Saved entries:

------------------------

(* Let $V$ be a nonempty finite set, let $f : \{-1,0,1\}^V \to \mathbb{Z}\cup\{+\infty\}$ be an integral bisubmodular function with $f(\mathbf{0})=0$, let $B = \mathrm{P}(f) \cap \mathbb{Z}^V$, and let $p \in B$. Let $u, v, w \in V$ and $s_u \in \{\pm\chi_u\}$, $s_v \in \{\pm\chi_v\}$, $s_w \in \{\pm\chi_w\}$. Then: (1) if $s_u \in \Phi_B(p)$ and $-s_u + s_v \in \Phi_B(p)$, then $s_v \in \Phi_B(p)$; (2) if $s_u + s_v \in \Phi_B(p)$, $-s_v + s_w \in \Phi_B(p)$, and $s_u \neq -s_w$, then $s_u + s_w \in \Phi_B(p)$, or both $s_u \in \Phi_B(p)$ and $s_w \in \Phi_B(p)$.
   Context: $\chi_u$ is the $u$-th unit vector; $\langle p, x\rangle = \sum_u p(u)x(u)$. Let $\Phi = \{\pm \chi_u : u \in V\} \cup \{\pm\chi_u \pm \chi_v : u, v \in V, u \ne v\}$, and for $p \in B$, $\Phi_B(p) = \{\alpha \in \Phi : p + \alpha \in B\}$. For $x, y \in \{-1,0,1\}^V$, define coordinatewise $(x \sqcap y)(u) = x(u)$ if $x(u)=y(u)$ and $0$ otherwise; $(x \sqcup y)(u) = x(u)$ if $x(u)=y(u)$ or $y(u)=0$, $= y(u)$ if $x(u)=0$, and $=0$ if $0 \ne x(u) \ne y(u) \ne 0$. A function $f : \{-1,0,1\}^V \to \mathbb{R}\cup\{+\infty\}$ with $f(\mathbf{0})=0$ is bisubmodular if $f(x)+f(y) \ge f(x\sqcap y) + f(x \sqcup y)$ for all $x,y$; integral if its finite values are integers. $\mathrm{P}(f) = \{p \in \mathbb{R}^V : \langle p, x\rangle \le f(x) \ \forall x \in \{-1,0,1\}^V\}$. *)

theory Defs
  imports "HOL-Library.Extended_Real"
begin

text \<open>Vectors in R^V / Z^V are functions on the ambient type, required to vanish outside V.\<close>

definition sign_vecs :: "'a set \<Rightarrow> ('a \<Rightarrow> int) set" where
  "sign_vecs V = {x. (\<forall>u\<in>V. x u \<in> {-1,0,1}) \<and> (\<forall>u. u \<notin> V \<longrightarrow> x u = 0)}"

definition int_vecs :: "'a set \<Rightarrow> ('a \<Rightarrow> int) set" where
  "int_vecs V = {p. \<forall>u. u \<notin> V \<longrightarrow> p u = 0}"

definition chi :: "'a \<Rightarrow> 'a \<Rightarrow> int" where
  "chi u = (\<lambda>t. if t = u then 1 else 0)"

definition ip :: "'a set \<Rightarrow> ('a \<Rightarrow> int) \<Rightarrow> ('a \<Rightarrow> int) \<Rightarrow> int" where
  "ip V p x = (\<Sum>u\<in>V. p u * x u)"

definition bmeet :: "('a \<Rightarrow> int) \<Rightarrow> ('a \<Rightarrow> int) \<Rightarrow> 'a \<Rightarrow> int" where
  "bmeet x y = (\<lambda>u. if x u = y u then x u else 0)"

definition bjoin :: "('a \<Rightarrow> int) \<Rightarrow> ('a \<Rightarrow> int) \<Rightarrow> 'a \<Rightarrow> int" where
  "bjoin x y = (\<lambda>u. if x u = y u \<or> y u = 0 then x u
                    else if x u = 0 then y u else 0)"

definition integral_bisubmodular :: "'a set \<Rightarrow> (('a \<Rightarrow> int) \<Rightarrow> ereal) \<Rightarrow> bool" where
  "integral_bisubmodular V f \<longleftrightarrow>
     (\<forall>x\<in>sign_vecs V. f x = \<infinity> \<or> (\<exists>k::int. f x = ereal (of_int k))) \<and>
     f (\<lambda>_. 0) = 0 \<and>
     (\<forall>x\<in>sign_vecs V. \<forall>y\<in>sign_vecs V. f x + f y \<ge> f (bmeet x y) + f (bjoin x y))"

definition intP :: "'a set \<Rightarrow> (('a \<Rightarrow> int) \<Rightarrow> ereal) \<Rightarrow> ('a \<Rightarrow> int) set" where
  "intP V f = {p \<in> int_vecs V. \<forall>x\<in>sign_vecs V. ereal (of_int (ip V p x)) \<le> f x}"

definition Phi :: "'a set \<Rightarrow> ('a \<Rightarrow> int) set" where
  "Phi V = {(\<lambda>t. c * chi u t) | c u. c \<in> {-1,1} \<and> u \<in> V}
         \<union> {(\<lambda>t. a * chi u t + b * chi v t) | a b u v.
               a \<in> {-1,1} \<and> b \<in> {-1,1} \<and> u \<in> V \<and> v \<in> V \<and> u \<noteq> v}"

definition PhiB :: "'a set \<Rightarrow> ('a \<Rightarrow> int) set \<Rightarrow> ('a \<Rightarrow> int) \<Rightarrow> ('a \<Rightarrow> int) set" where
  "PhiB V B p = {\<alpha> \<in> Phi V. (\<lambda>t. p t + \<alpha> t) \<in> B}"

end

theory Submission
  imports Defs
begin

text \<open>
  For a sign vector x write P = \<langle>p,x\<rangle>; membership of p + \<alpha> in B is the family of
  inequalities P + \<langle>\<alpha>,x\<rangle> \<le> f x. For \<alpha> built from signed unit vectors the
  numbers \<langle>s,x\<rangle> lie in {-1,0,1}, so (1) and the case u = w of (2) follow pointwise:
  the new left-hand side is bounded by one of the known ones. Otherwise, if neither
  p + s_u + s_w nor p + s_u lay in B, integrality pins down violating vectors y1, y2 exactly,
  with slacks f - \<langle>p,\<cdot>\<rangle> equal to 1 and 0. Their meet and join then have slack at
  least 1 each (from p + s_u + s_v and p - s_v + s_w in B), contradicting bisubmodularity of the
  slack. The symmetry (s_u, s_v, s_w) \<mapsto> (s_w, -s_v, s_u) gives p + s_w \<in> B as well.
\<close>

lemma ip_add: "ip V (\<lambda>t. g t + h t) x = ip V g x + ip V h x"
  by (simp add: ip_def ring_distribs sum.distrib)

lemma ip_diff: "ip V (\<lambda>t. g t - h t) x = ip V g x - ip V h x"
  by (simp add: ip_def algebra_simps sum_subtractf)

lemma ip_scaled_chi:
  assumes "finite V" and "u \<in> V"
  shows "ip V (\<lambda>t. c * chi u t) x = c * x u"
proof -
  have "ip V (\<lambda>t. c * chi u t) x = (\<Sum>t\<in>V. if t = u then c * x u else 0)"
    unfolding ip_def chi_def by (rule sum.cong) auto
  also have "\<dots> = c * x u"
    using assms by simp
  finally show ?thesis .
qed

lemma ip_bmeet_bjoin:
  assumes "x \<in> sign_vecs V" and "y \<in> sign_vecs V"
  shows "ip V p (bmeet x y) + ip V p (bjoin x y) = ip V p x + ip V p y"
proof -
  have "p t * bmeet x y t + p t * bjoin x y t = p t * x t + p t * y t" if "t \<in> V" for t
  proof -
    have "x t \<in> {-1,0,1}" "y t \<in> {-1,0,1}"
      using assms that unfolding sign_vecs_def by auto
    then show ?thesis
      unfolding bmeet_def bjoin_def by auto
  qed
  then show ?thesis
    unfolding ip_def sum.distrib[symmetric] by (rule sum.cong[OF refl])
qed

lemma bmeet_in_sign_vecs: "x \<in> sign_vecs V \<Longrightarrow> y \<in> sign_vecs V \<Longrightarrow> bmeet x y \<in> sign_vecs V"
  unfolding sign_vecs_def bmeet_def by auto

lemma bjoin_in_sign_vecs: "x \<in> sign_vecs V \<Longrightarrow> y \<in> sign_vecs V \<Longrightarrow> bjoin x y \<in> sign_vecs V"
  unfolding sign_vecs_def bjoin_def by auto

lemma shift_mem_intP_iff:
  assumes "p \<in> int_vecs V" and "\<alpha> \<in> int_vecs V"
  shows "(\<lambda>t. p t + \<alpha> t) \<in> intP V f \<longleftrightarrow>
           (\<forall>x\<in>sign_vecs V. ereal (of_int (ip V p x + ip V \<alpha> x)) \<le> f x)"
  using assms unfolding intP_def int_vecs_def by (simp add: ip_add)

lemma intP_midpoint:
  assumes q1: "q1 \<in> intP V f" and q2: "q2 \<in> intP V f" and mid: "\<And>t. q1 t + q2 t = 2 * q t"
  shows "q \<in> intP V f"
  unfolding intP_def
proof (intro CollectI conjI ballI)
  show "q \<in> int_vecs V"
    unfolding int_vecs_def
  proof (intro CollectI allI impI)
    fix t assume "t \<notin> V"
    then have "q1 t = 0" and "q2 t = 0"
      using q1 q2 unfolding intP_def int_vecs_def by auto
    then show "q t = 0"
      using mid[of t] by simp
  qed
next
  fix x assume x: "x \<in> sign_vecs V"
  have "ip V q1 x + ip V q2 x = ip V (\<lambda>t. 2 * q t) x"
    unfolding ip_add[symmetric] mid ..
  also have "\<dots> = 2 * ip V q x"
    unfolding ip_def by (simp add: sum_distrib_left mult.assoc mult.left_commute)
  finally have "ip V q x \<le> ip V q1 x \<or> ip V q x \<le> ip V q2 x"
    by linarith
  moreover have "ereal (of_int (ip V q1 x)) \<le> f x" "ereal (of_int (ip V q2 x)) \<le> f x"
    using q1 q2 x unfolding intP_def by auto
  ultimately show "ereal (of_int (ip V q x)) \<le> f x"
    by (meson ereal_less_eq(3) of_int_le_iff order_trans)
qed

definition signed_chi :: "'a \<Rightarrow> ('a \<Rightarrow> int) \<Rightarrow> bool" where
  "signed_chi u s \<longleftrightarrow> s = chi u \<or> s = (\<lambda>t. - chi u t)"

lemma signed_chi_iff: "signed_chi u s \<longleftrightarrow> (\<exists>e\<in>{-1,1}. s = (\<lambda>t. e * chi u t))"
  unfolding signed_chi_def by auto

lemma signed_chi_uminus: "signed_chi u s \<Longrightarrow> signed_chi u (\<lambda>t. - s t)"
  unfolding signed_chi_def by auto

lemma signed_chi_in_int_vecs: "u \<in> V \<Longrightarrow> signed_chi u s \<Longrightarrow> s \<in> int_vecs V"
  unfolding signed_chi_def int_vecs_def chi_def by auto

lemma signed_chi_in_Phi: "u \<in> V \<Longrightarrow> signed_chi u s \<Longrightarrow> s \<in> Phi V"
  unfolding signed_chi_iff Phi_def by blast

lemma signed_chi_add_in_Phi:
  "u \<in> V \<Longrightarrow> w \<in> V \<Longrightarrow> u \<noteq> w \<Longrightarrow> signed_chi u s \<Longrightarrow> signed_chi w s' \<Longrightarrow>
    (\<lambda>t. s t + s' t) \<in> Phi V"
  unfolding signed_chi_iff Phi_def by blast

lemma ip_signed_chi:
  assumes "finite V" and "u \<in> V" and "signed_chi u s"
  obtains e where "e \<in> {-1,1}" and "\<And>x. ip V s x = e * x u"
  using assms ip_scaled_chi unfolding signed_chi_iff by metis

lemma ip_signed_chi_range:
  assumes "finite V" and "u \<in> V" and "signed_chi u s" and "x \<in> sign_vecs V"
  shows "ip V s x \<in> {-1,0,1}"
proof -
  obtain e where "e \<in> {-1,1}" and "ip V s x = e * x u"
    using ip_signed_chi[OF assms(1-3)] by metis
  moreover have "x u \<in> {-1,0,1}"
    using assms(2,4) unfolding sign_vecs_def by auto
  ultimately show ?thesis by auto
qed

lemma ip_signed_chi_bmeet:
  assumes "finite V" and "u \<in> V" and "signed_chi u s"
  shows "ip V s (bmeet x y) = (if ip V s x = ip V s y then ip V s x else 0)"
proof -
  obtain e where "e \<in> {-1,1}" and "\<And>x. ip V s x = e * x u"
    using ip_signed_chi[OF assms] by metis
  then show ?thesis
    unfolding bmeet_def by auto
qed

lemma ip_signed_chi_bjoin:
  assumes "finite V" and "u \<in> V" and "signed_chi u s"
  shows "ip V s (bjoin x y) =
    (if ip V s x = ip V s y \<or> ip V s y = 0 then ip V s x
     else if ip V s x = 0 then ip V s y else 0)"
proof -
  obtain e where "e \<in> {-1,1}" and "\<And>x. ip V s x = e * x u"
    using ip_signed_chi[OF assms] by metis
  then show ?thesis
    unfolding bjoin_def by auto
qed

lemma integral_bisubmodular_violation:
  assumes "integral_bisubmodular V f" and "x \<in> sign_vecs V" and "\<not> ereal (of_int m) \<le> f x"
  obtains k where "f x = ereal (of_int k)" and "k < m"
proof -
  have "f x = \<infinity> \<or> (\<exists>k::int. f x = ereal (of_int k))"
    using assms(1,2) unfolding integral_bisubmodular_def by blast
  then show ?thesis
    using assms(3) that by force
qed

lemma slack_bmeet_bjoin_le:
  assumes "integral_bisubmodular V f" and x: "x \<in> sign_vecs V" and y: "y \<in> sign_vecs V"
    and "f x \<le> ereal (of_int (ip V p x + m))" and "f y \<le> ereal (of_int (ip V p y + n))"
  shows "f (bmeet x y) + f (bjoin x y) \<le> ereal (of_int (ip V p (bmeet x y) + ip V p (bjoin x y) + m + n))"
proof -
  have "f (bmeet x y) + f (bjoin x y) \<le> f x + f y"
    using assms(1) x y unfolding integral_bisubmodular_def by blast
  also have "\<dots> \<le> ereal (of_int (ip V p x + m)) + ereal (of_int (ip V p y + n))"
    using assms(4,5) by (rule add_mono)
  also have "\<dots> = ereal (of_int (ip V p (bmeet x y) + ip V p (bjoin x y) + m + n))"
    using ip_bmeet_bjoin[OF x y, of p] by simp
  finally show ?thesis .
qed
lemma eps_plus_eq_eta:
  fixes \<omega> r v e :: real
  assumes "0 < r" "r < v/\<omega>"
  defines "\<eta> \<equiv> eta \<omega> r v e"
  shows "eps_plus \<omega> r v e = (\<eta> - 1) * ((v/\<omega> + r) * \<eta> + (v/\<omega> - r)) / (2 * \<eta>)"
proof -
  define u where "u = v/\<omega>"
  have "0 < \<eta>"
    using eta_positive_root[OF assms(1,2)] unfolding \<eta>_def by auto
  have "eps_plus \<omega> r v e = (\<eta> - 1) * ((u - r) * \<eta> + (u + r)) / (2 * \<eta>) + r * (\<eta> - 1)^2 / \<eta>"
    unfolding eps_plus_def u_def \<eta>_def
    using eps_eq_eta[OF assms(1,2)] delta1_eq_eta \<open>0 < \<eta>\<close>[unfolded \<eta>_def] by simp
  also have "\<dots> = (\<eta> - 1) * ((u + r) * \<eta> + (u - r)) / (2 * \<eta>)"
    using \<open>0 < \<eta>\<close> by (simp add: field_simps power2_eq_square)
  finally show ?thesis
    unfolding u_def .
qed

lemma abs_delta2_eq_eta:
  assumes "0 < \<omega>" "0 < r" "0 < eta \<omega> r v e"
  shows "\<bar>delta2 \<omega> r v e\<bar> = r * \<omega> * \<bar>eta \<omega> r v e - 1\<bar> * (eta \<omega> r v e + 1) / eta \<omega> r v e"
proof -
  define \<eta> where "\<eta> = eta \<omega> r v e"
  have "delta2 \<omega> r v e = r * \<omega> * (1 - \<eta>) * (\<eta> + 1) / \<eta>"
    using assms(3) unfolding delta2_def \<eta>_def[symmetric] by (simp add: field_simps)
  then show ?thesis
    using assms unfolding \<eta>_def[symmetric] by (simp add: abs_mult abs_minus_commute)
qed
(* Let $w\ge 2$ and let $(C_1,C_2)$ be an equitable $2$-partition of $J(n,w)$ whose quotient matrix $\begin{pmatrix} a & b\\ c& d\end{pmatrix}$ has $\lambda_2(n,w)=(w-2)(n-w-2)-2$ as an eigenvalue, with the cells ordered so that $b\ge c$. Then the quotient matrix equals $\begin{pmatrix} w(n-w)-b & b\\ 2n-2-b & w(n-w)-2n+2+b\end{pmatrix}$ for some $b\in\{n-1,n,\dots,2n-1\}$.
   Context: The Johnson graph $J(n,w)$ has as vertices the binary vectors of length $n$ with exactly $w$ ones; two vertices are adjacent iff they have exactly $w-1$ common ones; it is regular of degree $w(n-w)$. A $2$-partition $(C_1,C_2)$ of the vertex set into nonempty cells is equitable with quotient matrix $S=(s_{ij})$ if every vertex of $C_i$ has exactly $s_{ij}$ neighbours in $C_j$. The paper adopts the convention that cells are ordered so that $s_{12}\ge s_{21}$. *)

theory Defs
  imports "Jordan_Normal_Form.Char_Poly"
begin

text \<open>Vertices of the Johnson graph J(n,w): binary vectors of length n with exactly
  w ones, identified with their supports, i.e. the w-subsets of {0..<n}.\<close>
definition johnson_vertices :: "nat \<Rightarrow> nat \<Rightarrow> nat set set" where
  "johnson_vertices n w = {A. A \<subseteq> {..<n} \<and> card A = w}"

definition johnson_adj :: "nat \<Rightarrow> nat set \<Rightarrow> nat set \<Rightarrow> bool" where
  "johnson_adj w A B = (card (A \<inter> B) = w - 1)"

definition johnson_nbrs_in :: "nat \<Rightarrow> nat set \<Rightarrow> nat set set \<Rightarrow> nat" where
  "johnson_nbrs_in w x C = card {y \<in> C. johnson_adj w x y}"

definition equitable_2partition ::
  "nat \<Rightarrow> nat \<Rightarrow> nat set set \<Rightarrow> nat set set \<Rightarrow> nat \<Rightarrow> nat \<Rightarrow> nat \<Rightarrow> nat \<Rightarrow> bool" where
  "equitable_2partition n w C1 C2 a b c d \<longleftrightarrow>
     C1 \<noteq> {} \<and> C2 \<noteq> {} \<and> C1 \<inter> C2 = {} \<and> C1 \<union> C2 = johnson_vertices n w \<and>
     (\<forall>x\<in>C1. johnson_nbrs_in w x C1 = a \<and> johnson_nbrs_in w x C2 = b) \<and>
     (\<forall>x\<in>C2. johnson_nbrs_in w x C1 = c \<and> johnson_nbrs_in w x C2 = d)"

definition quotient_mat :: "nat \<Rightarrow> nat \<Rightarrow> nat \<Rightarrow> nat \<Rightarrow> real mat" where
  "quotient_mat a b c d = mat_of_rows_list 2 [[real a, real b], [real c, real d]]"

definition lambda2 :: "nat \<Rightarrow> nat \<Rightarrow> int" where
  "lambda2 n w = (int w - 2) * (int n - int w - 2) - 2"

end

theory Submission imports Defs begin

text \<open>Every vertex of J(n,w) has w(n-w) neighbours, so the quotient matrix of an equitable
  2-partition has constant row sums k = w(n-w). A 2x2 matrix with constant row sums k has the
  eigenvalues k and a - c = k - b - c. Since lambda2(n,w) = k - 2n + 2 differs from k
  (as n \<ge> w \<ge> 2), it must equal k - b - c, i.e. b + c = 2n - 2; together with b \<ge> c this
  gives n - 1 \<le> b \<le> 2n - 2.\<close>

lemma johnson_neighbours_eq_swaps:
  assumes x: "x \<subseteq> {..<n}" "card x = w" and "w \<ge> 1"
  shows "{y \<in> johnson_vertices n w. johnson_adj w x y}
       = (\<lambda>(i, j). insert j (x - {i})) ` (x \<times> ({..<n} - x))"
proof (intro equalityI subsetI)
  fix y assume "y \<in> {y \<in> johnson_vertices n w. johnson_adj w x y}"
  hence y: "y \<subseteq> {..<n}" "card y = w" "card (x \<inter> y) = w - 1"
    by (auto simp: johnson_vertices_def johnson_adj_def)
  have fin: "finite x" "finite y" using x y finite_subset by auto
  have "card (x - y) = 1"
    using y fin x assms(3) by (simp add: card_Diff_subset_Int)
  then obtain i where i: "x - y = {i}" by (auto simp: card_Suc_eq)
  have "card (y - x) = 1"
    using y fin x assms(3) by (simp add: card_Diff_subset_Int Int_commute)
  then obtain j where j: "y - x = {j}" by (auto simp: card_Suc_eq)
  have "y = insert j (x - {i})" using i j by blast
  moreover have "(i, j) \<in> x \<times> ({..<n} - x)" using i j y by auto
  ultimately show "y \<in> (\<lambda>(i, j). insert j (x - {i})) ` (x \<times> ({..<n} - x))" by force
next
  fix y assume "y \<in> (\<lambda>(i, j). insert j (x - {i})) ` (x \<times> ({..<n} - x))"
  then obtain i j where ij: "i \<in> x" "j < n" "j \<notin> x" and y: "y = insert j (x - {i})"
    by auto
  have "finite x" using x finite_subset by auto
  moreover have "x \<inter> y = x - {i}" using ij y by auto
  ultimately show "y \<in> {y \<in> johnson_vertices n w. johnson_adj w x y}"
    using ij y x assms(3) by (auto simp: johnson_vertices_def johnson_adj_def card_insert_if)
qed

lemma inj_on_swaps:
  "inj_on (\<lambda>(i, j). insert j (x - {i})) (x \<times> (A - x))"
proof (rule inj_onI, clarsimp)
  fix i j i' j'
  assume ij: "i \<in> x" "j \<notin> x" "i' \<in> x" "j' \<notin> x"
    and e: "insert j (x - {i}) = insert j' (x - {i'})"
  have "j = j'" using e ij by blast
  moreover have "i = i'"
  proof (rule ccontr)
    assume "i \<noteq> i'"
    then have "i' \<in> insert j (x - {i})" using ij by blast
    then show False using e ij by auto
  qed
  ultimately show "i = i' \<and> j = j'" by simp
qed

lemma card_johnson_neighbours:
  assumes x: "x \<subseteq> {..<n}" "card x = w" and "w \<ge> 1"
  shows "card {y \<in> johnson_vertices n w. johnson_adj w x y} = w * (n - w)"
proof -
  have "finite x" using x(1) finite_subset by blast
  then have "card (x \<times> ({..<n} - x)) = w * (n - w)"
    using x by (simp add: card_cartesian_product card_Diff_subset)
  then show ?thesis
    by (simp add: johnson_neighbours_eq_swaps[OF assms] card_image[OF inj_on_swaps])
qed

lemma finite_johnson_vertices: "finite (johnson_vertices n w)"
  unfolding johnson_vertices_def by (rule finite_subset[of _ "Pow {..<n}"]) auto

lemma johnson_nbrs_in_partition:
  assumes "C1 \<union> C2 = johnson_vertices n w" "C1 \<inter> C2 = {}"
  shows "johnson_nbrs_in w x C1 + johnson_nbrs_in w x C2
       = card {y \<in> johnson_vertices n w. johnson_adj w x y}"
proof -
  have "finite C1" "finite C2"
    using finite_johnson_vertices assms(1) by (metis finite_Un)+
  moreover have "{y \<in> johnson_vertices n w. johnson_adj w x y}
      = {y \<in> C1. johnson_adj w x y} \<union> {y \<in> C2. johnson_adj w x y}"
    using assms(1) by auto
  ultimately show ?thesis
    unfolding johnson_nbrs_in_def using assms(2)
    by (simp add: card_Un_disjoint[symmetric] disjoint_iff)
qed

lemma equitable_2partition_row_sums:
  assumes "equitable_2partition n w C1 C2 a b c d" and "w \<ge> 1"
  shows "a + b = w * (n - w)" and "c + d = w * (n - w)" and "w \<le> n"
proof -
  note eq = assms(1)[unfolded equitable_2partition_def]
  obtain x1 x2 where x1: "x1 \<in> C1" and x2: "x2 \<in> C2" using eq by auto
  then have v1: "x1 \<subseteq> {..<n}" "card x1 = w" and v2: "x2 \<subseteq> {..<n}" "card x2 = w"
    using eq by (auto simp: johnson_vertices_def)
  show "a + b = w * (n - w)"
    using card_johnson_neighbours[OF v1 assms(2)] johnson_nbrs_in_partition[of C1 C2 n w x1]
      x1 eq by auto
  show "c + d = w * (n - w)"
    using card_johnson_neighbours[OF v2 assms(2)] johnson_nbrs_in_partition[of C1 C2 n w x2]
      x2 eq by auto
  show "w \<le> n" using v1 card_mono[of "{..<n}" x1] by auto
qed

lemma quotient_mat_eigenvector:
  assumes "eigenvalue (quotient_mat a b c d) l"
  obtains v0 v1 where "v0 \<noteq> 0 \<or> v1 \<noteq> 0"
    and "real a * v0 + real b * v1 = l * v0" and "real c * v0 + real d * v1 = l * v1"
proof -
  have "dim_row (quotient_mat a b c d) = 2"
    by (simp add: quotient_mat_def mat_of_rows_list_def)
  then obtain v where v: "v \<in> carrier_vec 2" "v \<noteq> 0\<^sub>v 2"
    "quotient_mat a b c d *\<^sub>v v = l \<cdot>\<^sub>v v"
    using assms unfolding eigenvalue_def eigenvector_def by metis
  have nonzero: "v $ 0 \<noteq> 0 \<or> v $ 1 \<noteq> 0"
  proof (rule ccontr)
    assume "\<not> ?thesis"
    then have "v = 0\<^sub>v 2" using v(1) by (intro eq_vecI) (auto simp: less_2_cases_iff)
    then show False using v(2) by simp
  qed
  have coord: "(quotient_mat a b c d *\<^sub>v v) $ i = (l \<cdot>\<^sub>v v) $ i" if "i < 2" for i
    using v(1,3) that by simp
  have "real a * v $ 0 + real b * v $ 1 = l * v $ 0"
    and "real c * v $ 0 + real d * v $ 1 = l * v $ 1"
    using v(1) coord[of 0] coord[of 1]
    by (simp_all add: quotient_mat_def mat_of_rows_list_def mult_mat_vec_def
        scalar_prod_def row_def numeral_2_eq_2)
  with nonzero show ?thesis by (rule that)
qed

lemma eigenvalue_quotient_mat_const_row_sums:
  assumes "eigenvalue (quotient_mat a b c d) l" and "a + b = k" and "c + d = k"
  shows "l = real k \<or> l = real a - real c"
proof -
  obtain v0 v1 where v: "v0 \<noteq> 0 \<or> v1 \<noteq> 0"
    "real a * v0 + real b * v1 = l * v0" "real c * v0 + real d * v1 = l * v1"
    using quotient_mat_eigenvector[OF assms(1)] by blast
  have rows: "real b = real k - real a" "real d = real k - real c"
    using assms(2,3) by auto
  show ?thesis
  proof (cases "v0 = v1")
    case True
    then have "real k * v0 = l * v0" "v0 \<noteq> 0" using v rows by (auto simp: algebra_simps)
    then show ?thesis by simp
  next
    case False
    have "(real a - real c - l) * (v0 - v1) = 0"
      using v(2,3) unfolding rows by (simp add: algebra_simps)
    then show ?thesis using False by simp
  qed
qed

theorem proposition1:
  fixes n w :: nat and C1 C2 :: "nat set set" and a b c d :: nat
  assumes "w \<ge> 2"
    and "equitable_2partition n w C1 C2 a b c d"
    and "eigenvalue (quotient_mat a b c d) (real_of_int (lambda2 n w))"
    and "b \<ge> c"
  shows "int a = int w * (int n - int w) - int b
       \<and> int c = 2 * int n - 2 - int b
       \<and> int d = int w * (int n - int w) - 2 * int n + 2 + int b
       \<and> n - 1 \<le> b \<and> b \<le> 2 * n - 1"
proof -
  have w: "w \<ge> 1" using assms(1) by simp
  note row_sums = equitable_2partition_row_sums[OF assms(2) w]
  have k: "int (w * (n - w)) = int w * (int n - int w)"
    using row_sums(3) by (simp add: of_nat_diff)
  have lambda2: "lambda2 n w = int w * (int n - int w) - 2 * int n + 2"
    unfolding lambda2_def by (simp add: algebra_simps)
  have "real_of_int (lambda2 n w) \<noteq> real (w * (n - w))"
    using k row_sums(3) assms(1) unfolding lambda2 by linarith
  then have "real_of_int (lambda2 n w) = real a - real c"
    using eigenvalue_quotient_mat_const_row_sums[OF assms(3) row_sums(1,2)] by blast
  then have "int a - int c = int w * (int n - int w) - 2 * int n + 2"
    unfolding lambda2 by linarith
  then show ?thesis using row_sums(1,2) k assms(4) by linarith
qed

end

------------------------

## Exercise:
Read through the entries above, and wherever a line holds the string "bool", copy it.

## Answer to this task:
definition integral_bisubmodular :: "'a set \<Rightarrow> (('a \<Rightarrow> int) \<Rightarrow> ereal) \<Rightarrow> bool" where
definition signed_chi :: "'a \<Rightarrow> ('a \<Rightarrow> int) \<Rightarrow> bool" where
definition johnson_adj :: "nat \<Rightarrow> nat set \<Rightarrow> nat set \<Rightarrow> bool" where
  "nat \<Rightarrow> nat \<Rightarrow> nat set set \<Rightarrow> nat set set \<Rightarrow> nat \<Rightarrow> nat \<Rightarrow> nat \<Rightarrow> nat \<Rightarrow> bool" where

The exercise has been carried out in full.